> [Problem description]: The word "blast" marks the lines to keep; find each one in the data and copy it.

> [Data for review]:
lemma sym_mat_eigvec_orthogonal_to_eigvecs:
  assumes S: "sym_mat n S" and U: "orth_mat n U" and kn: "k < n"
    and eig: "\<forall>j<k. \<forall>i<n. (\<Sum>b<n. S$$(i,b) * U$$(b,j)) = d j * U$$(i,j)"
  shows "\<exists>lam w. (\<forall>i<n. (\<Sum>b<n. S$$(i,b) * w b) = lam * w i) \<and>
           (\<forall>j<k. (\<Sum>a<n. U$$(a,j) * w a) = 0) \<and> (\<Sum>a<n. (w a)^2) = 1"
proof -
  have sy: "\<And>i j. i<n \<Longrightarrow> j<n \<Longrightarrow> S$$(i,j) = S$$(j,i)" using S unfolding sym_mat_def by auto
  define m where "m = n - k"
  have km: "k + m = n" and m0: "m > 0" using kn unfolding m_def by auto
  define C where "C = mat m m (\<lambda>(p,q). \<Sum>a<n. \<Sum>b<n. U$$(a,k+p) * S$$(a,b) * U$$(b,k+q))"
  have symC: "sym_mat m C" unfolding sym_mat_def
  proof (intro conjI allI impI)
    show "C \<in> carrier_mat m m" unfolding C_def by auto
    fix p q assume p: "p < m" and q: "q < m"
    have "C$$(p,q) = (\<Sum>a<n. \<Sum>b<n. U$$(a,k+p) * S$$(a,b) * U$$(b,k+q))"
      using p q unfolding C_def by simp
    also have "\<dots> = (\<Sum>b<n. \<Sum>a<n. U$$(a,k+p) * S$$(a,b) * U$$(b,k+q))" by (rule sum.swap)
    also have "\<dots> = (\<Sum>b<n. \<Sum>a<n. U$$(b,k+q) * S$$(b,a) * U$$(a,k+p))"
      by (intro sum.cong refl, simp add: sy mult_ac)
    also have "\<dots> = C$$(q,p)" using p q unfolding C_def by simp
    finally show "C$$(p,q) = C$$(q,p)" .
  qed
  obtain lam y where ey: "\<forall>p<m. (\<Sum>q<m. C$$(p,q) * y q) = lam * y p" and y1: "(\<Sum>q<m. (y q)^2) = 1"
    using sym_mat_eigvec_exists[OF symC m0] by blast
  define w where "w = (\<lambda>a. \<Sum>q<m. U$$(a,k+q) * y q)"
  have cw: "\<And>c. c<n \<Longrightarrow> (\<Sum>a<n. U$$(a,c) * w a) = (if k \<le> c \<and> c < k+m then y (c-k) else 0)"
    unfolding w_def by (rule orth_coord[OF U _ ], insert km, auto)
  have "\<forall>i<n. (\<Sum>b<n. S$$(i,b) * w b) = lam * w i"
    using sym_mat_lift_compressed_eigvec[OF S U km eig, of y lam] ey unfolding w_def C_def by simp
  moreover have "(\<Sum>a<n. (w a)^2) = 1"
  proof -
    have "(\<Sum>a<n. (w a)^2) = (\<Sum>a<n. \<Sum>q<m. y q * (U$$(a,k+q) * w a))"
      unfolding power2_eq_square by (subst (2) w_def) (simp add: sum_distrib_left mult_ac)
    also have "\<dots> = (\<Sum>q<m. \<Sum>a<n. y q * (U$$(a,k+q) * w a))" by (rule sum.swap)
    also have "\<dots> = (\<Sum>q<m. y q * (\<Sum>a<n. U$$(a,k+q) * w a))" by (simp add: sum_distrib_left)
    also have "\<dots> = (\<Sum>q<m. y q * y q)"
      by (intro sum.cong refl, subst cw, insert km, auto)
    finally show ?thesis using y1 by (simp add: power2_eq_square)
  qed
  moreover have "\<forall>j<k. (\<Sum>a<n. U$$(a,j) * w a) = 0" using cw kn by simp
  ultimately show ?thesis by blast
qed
==
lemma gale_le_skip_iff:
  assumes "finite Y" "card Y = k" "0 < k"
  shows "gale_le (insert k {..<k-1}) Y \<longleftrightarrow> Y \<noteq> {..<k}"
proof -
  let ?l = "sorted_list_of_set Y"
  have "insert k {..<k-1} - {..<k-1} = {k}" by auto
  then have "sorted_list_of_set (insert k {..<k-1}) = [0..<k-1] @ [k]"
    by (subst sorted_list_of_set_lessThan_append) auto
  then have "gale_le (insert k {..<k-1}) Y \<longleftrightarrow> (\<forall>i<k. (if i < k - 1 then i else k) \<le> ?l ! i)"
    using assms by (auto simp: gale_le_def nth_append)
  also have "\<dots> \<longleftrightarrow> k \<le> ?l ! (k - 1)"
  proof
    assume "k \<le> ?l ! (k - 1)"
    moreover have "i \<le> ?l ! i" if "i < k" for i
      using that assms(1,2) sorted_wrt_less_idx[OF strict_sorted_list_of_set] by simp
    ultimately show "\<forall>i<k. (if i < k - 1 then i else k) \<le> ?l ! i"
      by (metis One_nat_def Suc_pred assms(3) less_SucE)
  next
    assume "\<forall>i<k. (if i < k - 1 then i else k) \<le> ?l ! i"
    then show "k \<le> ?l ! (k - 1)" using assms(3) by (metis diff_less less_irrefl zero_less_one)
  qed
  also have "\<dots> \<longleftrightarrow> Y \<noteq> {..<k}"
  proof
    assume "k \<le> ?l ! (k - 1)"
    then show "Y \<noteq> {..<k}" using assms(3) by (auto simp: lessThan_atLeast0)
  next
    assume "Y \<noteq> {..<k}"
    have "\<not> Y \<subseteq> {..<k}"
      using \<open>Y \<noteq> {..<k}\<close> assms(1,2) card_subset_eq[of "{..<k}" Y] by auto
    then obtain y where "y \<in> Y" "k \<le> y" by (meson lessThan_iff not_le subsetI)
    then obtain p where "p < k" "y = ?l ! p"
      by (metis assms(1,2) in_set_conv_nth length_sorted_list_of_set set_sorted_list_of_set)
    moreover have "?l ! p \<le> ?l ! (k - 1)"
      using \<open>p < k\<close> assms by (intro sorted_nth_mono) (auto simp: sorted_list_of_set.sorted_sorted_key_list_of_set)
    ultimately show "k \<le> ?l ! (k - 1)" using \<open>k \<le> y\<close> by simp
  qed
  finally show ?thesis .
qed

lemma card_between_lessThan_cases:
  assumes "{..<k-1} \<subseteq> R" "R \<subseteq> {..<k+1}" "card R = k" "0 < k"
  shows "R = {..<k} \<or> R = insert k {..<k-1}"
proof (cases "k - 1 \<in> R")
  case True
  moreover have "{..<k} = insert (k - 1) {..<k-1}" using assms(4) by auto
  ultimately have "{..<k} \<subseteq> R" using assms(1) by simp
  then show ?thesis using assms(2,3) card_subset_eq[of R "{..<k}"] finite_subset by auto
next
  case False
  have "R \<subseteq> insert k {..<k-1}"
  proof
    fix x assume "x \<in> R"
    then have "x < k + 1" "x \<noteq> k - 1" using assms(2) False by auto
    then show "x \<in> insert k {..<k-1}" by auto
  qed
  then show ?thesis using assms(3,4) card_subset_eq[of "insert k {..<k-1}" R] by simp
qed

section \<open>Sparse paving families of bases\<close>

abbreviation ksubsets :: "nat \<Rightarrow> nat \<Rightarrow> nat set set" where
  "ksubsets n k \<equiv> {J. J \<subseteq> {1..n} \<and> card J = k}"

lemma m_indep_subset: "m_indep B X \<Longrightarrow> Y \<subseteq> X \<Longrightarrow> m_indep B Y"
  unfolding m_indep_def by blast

> [Answer space]:
    using sym_mat_eigvec_exists[OF symC m0] by blast
  ultimately show ?thesis by blast
  unfolding m_indep_def by blast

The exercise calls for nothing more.